*** GIVEN DATA Section Begins ***

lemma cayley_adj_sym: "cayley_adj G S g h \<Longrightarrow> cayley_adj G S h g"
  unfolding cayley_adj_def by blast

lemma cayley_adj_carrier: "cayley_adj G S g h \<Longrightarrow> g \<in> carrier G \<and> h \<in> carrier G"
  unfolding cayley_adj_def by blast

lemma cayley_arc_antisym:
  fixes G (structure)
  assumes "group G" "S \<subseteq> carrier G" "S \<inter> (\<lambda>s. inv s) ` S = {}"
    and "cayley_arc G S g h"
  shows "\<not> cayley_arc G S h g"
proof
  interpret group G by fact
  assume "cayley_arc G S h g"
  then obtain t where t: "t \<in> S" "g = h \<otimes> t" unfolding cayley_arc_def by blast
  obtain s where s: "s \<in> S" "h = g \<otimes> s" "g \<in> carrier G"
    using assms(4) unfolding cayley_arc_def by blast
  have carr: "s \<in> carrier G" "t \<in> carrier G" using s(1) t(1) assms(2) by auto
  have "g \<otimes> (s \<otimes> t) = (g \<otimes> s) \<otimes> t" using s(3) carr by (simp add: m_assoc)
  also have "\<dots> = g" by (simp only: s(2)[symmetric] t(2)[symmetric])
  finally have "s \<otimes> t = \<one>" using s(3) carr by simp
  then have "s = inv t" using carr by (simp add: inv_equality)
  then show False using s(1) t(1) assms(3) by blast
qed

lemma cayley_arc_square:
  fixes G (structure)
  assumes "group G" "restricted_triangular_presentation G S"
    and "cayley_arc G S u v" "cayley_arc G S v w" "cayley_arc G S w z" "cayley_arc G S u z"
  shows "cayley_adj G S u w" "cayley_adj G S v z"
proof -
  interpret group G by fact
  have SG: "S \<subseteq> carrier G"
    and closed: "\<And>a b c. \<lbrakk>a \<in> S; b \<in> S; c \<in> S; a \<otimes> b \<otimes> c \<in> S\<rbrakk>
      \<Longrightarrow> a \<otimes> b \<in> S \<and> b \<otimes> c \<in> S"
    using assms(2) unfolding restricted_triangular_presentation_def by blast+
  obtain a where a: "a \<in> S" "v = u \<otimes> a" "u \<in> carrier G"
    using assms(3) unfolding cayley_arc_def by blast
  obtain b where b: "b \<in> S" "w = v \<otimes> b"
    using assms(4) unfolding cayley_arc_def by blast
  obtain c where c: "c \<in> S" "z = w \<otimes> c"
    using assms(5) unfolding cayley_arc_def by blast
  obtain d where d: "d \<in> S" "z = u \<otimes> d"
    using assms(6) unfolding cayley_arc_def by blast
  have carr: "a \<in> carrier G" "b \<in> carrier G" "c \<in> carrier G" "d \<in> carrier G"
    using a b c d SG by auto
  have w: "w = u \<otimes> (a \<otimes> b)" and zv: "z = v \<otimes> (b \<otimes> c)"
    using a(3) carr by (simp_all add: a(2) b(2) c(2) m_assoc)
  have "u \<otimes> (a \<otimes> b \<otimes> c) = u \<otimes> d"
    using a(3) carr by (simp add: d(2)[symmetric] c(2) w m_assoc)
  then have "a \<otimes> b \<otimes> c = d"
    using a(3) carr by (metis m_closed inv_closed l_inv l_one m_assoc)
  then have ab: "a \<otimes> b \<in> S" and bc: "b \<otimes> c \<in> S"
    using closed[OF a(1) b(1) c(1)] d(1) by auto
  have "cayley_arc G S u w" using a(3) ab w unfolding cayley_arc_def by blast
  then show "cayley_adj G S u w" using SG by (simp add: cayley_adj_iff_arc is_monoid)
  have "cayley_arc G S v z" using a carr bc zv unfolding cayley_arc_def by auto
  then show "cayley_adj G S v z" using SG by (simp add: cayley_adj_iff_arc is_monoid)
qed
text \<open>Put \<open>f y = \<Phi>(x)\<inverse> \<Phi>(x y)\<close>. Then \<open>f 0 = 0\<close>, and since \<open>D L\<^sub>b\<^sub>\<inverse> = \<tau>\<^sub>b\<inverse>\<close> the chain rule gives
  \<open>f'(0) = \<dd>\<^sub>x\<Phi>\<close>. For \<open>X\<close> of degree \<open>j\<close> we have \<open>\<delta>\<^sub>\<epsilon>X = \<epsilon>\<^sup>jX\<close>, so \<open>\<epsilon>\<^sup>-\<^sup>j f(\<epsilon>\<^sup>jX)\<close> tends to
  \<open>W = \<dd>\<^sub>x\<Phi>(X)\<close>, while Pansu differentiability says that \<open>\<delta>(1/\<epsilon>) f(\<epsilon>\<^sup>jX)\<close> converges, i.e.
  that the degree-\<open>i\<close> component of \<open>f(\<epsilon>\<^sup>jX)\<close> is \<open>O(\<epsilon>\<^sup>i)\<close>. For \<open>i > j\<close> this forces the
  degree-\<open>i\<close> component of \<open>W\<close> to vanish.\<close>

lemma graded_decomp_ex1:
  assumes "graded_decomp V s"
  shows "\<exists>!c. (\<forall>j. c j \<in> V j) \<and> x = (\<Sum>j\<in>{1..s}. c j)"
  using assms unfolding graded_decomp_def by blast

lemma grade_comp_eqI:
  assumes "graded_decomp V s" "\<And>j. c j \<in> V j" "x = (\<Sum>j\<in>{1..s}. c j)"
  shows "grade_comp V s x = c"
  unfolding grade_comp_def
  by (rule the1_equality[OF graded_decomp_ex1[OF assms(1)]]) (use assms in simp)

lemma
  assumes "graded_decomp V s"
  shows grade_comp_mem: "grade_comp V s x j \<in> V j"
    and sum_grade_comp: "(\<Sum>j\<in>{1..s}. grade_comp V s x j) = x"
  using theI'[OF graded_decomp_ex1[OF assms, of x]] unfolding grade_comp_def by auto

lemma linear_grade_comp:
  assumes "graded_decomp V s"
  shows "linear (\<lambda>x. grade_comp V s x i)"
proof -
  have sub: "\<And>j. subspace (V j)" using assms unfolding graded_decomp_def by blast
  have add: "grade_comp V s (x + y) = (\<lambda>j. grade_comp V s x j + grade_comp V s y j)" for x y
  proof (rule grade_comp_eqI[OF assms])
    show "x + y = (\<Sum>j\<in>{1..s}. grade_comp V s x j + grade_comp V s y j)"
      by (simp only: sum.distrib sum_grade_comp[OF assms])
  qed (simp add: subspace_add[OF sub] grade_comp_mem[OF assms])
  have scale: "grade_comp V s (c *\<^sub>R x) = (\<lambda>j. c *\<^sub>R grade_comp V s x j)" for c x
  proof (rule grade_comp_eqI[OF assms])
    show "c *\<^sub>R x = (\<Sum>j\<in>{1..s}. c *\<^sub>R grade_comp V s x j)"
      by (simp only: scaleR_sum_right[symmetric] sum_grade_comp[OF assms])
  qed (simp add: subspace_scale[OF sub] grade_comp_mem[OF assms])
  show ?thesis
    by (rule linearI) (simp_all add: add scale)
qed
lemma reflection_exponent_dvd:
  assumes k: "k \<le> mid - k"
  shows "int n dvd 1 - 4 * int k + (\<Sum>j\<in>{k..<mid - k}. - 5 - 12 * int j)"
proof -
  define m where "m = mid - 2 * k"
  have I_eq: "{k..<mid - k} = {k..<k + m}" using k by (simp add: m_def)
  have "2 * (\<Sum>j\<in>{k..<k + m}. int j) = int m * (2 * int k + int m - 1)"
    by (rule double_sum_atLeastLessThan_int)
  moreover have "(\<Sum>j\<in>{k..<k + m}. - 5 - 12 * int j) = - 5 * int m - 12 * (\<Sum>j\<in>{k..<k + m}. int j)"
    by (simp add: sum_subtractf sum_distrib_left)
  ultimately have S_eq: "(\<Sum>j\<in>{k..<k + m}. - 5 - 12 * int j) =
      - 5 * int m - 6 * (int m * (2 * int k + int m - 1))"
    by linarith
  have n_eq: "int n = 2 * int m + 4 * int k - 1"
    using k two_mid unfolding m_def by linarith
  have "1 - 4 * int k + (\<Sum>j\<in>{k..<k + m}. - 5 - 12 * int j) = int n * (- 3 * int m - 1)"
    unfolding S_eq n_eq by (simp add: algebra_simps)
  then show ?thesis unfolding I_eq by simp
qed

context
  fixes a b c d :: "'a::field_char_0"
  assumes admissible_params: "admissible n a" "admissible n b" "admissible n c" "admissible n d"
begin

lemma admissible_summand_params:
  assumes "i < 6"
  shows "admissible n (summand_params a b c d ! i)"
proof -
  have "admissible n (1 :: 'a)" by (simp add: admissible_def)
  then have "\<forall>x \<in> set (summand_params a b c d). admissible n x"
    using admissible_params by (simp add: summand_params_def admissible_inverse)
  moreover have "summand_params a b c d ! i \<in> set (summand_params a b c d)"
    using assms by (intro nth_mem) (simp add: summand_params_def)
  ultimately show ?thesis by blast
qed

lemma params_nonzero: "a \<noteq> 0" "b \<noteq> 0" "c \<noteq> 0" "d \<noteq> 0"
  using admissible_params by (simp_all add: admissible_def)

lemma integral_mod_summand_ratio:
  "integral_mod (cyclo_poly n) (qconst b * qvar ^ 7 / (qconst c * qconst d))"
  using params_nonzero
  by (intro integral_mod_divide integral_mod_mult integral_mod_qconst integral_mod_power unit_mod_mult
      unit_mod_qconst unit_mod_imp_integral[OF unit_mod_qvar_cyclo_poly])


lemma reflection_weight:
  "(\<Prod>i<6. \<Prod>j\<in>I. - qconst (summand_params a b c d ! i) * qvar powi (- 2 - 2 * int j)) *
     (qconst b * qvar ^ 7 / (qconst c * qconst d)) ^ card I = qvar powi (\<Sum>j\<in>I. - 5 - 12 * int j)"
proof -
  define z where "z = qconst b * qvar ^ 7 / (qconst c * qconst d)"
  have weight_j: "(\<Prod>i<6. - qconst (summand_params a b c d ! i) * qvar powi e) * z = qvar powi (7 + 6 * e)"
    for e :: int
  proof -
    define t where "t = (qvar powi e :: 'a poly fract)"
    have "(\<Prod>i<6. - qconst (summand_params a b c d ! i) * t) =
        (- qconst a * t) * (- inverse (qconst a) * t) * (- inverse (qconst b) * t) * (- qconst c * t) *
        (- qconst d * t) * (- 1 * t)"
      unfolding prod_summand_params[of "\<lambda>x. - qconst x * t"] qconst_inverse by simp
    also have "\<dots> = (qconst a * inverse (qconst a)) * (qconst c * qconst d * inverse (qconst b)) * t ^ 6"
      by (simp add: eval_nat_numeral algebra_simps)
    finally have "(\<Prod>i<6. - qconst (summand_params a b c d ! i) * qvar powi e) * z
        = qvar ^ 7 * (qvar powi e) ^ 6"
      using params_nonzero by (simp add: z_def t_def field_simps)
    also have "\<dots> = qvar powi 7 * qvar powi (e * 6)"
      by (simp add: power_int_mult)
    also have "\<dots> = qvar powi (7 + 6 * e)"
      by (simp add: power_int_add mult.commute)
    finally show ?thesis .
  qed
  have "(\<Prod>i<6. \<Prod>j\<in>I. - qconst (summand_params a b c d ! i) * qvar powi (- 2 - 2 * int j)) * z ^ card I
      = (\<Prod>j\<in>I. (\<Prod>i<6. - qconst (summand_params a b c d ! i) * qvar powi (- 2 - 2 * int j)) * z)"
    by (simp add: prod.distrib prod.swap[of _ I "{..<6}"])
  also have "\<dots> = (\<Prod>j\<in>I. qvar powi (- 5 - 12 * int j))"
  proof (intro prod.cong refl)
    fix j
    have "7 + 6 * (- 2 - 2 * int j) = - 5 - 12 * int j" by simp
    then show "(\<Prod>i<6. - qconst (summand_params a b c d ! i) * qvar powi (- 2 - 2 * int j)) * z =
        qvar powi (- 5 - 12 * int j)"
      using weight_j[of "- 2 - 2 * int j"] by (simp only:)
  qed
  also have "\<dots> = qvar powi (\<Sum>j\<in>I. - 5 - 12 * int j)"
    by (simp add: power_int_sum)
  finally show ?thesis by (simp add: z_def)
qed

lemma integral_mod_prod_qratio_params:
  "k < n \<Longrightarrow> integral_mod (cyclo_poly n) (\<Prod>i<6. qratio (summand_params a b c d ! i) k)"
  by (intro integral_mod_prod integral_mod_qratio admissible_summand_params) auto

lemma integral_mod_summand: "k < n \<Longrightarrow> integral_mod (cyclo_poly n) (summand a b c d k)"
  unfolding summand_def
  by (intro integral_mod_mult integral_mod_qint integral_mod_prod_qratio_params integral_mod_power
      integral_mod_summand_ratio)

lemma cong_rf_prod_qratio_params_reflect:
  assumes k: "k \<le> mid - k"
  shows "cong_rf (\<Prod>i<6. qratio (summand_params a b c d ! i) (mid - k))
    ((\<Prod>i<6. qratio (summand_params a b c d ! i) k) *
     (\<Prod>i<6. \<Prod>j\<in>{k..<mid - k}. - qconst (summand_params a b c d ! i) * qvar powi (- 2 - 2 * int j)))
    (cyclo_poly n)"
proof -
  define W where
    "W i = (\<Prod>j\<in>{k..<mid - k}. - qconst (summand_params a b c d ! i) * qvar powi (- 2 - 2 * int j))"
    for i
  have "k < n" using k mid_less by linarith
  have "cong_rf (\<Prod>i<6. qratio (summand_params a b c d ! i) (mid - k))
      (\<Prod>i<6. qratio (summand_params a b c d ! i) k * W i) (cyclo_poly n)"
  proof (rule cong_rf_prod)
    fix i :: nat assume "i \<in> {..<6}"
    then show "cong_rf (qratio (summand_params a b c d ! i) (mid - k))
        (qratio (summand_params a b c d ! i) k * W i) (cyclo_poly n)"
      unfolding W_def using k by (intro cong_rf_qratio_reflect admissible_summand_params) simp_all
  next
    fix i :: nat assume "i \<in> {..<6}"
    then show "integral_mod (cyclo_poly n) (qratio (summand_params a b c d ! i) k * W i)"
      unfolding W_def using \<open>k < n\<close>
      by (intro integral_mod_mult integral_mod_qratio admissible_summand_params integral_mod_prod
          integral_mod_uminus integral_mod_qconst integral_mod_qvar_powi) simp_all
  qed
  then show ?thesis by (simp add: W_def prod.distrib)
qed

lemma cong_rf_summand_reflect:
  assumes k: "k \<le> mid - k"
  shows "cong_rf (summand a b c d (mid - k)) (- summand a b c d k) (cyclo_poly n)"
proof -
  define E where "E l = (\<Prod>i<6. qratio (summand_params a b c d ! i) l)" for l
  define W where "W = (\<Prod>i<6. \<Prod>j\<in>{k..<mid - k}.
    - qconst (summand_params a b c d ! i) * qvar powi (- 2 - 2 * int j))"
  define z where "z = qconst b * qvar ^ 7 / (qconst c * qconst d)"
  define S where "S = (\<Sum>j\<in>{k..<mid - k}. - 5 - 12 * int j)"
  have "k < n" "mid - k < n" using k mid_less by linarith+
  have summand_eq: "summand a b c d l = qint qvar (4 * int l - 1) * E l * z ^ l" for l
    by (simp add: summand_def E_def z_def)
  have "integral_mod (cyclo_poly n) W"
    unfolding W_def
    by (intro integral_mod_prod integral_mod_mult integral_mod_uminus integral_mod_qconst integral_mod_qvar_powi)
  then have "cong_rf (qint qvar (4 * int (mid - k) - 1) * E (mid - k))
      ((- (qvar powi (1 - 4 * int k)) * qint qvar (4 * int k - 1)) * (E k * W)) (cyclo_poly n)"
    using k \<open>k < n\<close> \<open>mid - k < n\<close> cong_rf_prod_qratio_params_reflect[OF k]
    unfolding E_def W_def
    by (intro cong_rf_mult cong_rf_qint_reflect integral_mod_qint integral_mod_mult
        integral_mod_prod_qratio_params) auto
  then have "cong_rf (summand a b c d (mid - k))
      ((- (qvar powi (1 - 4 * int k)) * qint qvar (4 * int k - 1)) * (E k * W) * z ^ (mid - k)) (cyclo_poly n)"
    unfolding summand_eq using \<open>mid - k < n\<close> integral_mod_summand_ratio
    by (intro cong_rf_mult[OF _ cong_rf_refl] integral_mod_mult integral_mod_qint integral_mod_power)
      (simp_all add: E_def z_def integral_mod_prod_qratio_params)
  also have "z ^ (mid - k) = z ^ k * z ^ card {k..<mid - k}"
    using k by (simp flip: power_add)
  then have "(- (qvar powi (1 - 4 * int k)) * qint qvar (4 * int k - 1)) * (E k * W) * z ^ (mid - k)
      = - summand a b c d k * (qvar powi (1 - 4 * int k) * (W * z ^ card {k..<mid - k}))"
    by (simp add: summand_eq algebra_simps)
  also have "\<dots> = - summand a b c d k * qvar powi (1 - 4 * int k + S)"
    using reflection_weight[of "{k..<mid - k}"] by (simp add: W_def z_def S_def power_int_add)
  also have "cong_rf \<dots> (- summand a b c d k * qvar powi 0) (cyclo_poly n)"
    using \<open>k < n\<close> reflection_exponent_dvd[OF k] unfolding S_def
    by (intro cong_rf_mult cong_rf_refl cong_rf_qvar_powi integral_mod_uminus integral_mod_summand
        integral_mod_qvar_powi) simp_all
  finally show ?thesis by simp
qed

*** GIVEN DATA Section Ends ***

Output the lines of the records above exactly as they appear, from the line containing "then show ?thesis by" through the line containing "define S where".

  then show ?thesis by (simp add: W_def prod.distrib)
qed

lemma cong_rf_summand_reflect:
  assumes k: "k \<le> mid - k"
  shows "cong_rf (summand a b c d (mid - k)) (- summand a b c d k) (cyclo_poly n)"
proof -
  define E where "E l = (\<Prod>i<6. qratio (summand_params a b c d ! i) l)" for l
  define W where "W = (\<Prod>i<6. \<Prod>j\<in>{k..<mid - k}.
    - qconst (summand_params a b c d ! i) * qvar powi (- 2 - 2 * int j))"
  define z where "z = qconst b * qvar ^ 7 / (qconst c * qconst d)"
  define S where "S = (\<Sum>j\<in>{k..<mid - k}. - 5 - 12 * int j)"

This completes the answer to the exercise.